Most cell therapy has not provoked much controversy except ESC therapy. After the successful isolation of hESC s in 1998, ethics and policy debates centered on the moral status of the embryo whether the 2- to 4-day-old blastocyst is a person, and whether it should be protected at all costs.
Spinal cord injury (SCI) can put independent living in danger and totally reconfigure the realities of daily life. The type of spinal cord injury, as well as its level and severity, dictates its functional impact and prognosis.

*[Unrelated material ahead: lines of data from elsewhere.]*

(* Let $\mu>0$, $\alpha>0$, $f(x)=xe^{-x}$, and let $\beta\in L^\infty_+(0,+\infty)$ satisfy $\int_0^{\infty}\beta(a)e^{-\mu a}\,da=1$. Assume $t\mapsto u(t,\cdot)\in L^1_+(0,\infty)$, $t\in\mathbb R$, is a complete orbit of the semiflow generated by $\partial_tu+\partial_au=-\mu u$, $u(t,0)=\alpha f(\int_0^\infty\beta(a)u(t,a)\,da)$. Then there is a function $b$ such that $u(t,a)=e^{-\mu a}b(t-a)$ for almost every $a\ge0$ and all $t\in\mathbb R$, and $b$ satisfies the renewal equation $$b(t)=\alpha f\Big(\int_0^\infty\beta(a)e^{-\mu a}b(t-a)\,da\Big),\quad\forall t\in\mathbb R.$$ Moreover, if in addition $\gamma_-\le\int_0^{a^\star}u(t,a)\,da\le\gamma_+$ for all $t\in\mathbb R$, for some $\gamma_+>\gamma_->0$, where $a^\star=\sup\{a>0:\int_a^\infty\beta(\sigma)e^{-\mu\sigma}\,d\sigma>0\}$, then there exist $\delta^+\ge\delta^->0$ such that $\delta^-\le\int_0^\infty\beta(a)u(t,a)\,da\le\delta^+$ for all $t\in\mathbb R$.
   Context: A complete orbit is a map $t\mapsto u(t,\cdot)$ defined for all $t\in\mathbb R$ with $U(s)u(t,\cdot)=u(t+s,\cdot)$ for all $t\in\mathbb R$, $s\ge0$, where $U$ is the semiflow: $U(s)u_0(a)=e^{-\mu s}u_0(a-s)$ for $a\ge s$ and $e^{-\mu a}b(s-a)$ for $a\le s$, with $b$ the continuous solution of $b(s)=\alpha f\big(\int_s^\infty\beta(a)e^{-\mu s}u_0(a-s)\,da+\int_0^s\beta(a)e^{-\mu a}b(s-a)\,da\big)$. *)

theory Defs
  imports "HOL-Analysis.Analysis"
begin

definition ricker :: "real \<Rightarrow> real" where
  "ricker x = x * exp (- x)"

text \<open>Elements of L^1_+(0,\<infinity>), represented by functions (equality only a.e. matters).\<close>
definition L1_plus :: "(real \<Rightarrow> real) \<Rightarrow> bool" where
  "L1_plus v \<longleftrightarrow> set_integrable lborel {0..} v \<and> (AE a in lborel. 0 \<le> a \<longrightarrow> 0 \<le> v a)"

text \<open>\<open>semiflow_step \<mu> \<alpha> \<beta> u0 s v\<close>: v = U(s) u0 (a.e. on [0,\<infinity>)), where b is the
  continuous solution on [0,s] of the boundary fixed-point equation.\<close>
definition semiflow_step ::
  "real \<Rightarrow> real \<Rightarrow> (real \<Rightarrow> real) \<Rightarrow> (real \<Rightarrow> real) \<Rightarrow> real \<Rightarrow> (real \<Rightarrow> real) \<Rightarrow> bool" where
  "semiflow_step \<mu> \<alpha> \<beta> u0 s v \<longleftrightarrow>
     (\<exists>b :: real \<Rightarrow> real. continuous_on {0..s} b \<and>
        (\<forall>\<tau>\<in>{0..s}. b \<tau> = \<alpha> * ricker
            ((LINT a:{\<tau>..}|lborel. \<beta> a * exp (- \<mu> * \<tau>) * u0 (a - \<tau>))
             + (LINT a:{0..\<tau>}|lborel. \<beta> a * exp (- \<mu> * a) * b (\<tau> - a)))) \<and>
        (AE a in lborel. 0 \<le> a \<longrightarrow>
            v a = (if s \<le> a then exp (- \<mu> * s) * u0 (a - s) else exp (- \<mu> * a) * b (s - a))))"

definition complete_orbit ::
  "real \<Rightarrow> real \<Rightarrow> (real \<Rightarrow> real) \<Rightarrow> (real \<Rightarrow> real \<Rightarrow> real) \<Rightarrow> bool" where
  "complete_orbit \<mu> \<alpha> \<beta> u \<longleftrightarrow>
     (\<forall>t. L1_plus (u t)) \<and> (\<forall>t s. 0 \<le> s \<longrightarrow> semiflow_step \<mu> \<alpha> \<beta> (u t) s (u (t + s)))"

definition a_star :: "real \<Rightarrow> (real \<Rightarrow> real) \<Rightarrow> ereal" where
  "a_star \<mu> \<beta> = Sup (ereal ` {a. 0 < a \<and> (LINT \<sigma>:{a..}|lborel. \<beta> \<sigma> * exp (- \<mu> * \<sigma>)) > 0})"

end

theory Submission
  imports Defs
begin

(*
  Write b(t) = alpha f(int beta u(t, .)). The boundary values of a semiflow step of length s
  started at time t coincide with b(t + .) on [0, s]: at the right end point this is the boundary
  equation together with the transport representation of u(t + s), and two steps started at the
  same time agree on their common interval, being continuous and equal almost everywhere. Hence b
  is continuous, u(t, a) = exp(-mu a) b(t - a), and b solves the renewal equation.

  The upper bound follows from f <= 1/e. For the lower bound, f(x) >= x exp(-alpha/e) on the range
  of the beta-moment, so b >= kappa (beta exp(-mu .)) * b with kappa = alpha exp(-alpha/e), where *
  is convolution over the ages. The kernel exceeds some c > 0 on a set filling three quarters of
  an interval, so by a Steinhaus argument b dominates a multiple of its convolution with the
  indicator of an interval, and composing such inequalities stretches the interval:
  b(t) >= C int_0^L b(t - w - a) da for every L. The mass bound int_0^oo u(t, a) da >= gamma_-
  (the only consequence of the hypothesis on [0, a_star] that is needed) makes the integral at
  least gamma_-/2 once L is large.
*)

section \<open>Measure-theoretic preliminaries\<close>

lemma AE_lborel_affine:
  fixes c t :: real
  assumes c: "c \<noteq> 0" and P: "AE x in lborel. P x"
  shows "AE x in lborel. P (t + c * x)"
proof -
  from P obtain N where N: "{x \<in> space lborel. \<not> P x} \<subseteq> N" "emeasure lborel N = 0" "N \<in> sets lborel"
    by (auto elim!: AE_E)
  have "AE x in lborel. x \<notin> N"
    using N by (intro AE_not_in) auto
  then have "AE x in lborel. t + c * x \<notin> N"
    using AE_borel_affine[OF c, where t=t and P="\<lambda>x. x \<notin> N"] N by auto
  then show ?thesis
    by eventually_elim (use N in auto)
qed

The classification, which has prognostic, therapeutic, and research value, has four components: (1) sensory and motor levels, (2) the completeness of the injury. (3) The American Spinal Injury Association (ASIA) Impairment Scale and (4) the zone of partial preservation for complete injuries.
The biological response to a spinal cord injury is divided into three phases that follow a distinct but somewhat overlapping sequence: acute (seconds to minutes after the injury), secondary (minutes to weeks after the injury), and chronic (months to years after the injury).
Patients with such injury and their families were told ”nothing can be done”. Once the acute phase of SCI is over, the focus of care shifts to rehabilitation and development of strategies to cope with the residual function of the patient. However few options exist to improve a patient’s neurological status, as cells in the CNS had a limited ability to regenerate and glial scar formation occurs. This produces a barrier to axonal growth.
Targets for intervention in SCI aim toward improved function. These targets include: 1) Reduction of edema and free-radical production, 2) Rescue of neural tissue at risk of dying in secondary processes such as abnormally high extracellular glutamate concentrations, 3) Control of inflammation, 4) Rescue of neuronal/glial populations at risk of continued apoptosis, 5) Repair of demyelination and conduction deficits, 6) Promotion of neurite growth through improved extracellular environment, 7) Efforts to bridge the gap with transplantation approaches, 8) Efforts to retrain and relearn motor tasks, 9) Restoration of lost function by electrical stimulation, and 10) Relief of chronic pain syndromes, 11) Cell replacement therapies. The potential use of stem cells, in particular, to promote regeneration and repair of the injured spinal cord is promising.
Unfortunately, despite the presence of endogenous NSCs populations within the adult spinal cord, the extent of oligodendrocyte differentiation from these endogenous precursor cells is not sufficient to promote remyelination after SCI even after infusion of exogenous growth factors. Thus, restoration of the oligodendrocyte population by cell replacement therapy has been considered as a potentially attractive strategy to promote remyelination after SCI or disorders characterized by loss or a deficiency of myelin.
NSCs were initially obtained from the forebrain subventricular zone and also from the hippocampus, spinal cord, striatum, amygdala, grey matter of temporal and frontal cortex, lateral ventricle and optic nerve.
A heterogeneous population of differentiating ES cells were transplanted into a rat spinal cord 9 days after traumatic injury, they were able to survive, migrate (8 mm away from the lesion edge), and differentiate into astrocytes, oligodendrocytes and neurons, allowing a neurological improvement in treated animals, which recovered leg movement, as compared to paralyzed controls.
Transplantation of combined bone marrow stromal cells and olfactory ensheathing cells into the injured sites of rat spinal cord produced improvement.
Administration of human umbilical cord blood (hUCB) cells intravenously resulted in significant improvement in rats with SCI, particularly in those with hUCB cells administered five days post-injury.
The neural progenitor cells administered intravenously migrated to the site of SCI in rats and differentiated into neurons, astrocytes, and oligodendrocytes.